To do ▸ Each line of the data should be transcribed exactly as given.

Records for this exercise ▸
lemma arcsin_increment_le_block_sum:
  fixes S :: "nat set" and n lo m q :: nat
  assumes "finite S" "0 < lo" "0 < m" "1 \<le> q" "2 * (lo + q * m) \<le> n"
    and "\<And>k. k \<in> S \<Longrightarrow> k \<le> n"
    and "\<And>j. j < q \<Longrightarrow> \<exists>k\<in>S. lo + j * m < k \<and> k \<le> lo + Suc j * m"
  shows "arcsin_primitive n (lo + q * m) - arcsin_primitive n (lo + m)
    \<le> m * (\<Sum>k\<in>S. arcsin_density n k)"
proof -
  have "arcsin_primitive n (real lo + real q * real m) - arcsin_primitive n (real lo + real m)
    \<le> real m * (\<Sum>k\<in>S. arcsin_density n k)"
  proof (rule sum_ge_telescoped_increments)
    have "real (2 * (lo + q * m)) \<le> real n" using assms(5) by (simp only: of_nat_le_iff)
    then have top: "real lo + real q * real m \<le> real n / 2" by simp
    show "arcsin_density n y \<le> arcsin_density n x"
      if "real lo < x" "x \<le> y" "y \<le> real lo + real q * real m" for x y
    proof (rule arcsin_density_antimono)
      show "0 < x" using that(1) assms(2) by linarith
      show "y \<le> real n / 2" using that(3) top by linarith
    qed (fact that(2))
    show "arcsin_primitive n (x + m) - arcsin_primitive n x \<le> m * arcsin_density n x"
      if "real lo < x" "x + m \<le> real lo + real q * real m" for x :: real
    proof -
      have "0 < x" "x + m \<le> real n / 2" using that assms(2) top by linarith+
      then show ?thesis using arcsin_primitive_increment_le[of x "x + m" n] assms(3) by simp
    qed
    show "\<exists>k\<in>S. real lo + real j * real m < real k \<and> real k \<le> real lo + (real j + 1) * real m"
      if j: "j < q" for j
    proof -
      obtain k where "k \<in> S" "lo + j * m < k" "k \<le> lo + Suc j * m" using assms(7)[OF j] by blast
      then have "real (lo + j * m) < real k" "real k \<le> real (lo + Suc j * m)"
        by (simp_all only: of_nat_less_iff of_nat_le_iff)
      then show ?thesis using \<open>k \<in> S\<close> by (intro bexI[of _ k]) (simp_all add: algebra_simps)
    qed
    show "0 \<le> arcsin_density n k" if "k \<in> S" for k
      using assms(6)[OF that] by (intro arcsin_density_nonneg) auto
  qed (use assms in auto)
  then show ?thesis by simp
qed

Your solution ▸
lemma arcsin_increment_le_block_sum:
  fixes S :: "nat set" and n lo m q :: nat
  assumes "finite S" "0 < lo" "0 < m" "1 \<le> q" "2 * (lo + q * m) \<le> n"
    and "\<And>k. k \<in> S \<Longrightarrow> k \<le> n"
    and "\<And>j. j < q \<Longrightarrow> \<exists>k\<in>S. lo + j * m < k \<and> k \<le> lo + Suc j * m"
  shows "arcsin_primitive n (lo + q * m) - arcsin_primitive n (lo + m)
    \<le> m * (\<Sum>k\<in>S. arcsin_density n k)"
proof -
  have "arcsin_primitive n (real lo + real q * real m) - arcsin_primitive n (real lo + real m)
    \<le> real m * (\<Sum>k\<in>S. arcsin_density n k)"
  proof (rule sum_ge_telescoped_increments)
    have "real (2 * (lo + q * m)) \<le> real n" using assms(5) by (simp only: of_nat_le_iff)
    then have top: "real lo + real q * real m \<le> real n / 2" by simp
    show "arcsin_density n y \<le> arcsin_density n x"
      if "real lo < x" "x \<le> y" "y \<le> real lo + real q * real m" for x y
    proof (rule arcsin_density_antimono)
      show "0 < x" using that(1) assms(2) by linarith
      show "y \<le> real n / 2" using that(3) top by linarith
    qed (fact that(2))
    show "arcsin_primitive n (x + m) - arcsin_primitive n x \<le> m * arcsin_density n x"
      if "real lo < x" "x + m \<le> real lo + real q * real m" for x :: real
    proof -
      have "0 < x" "x + m \<le> real n / 2" using that assms(2) top by linarith+
      then show ?thesis using arcsin_primitive_increment_le[of x "x + m" n] assms(3) by simp
    qed
    show "\<exists>k\<in>S. real lo + real j * real m < real k \<and> real k \<le> real lo + (real j + 1) * real m"
      if j: "j < q" for j
    proof -
      obtain k where "k \<in> S" "lo + j * m < k" "k \<le> lo + Suc j * m" using assms(7)[OF j] by blast
      then have "real (lo + j * m) < real k" "real k \<le> real (lo + Suc j * m)"
        by (simp_all only: of_nat_less_iff of_nat_le_iff)
      then show ?thesis using \<open>k \<in> S\<close> by (intro bexI[of _ k]) (simp_all add: algebra_simps)
    qed
    show "0 \<le> arcsin_density n k" if "k \<in> S" for k
      using assms(6)[OF that] by (intro arcsin_density_nonneg) auto
  qed (use assms in auto)
  then show ?thesis by simp
qed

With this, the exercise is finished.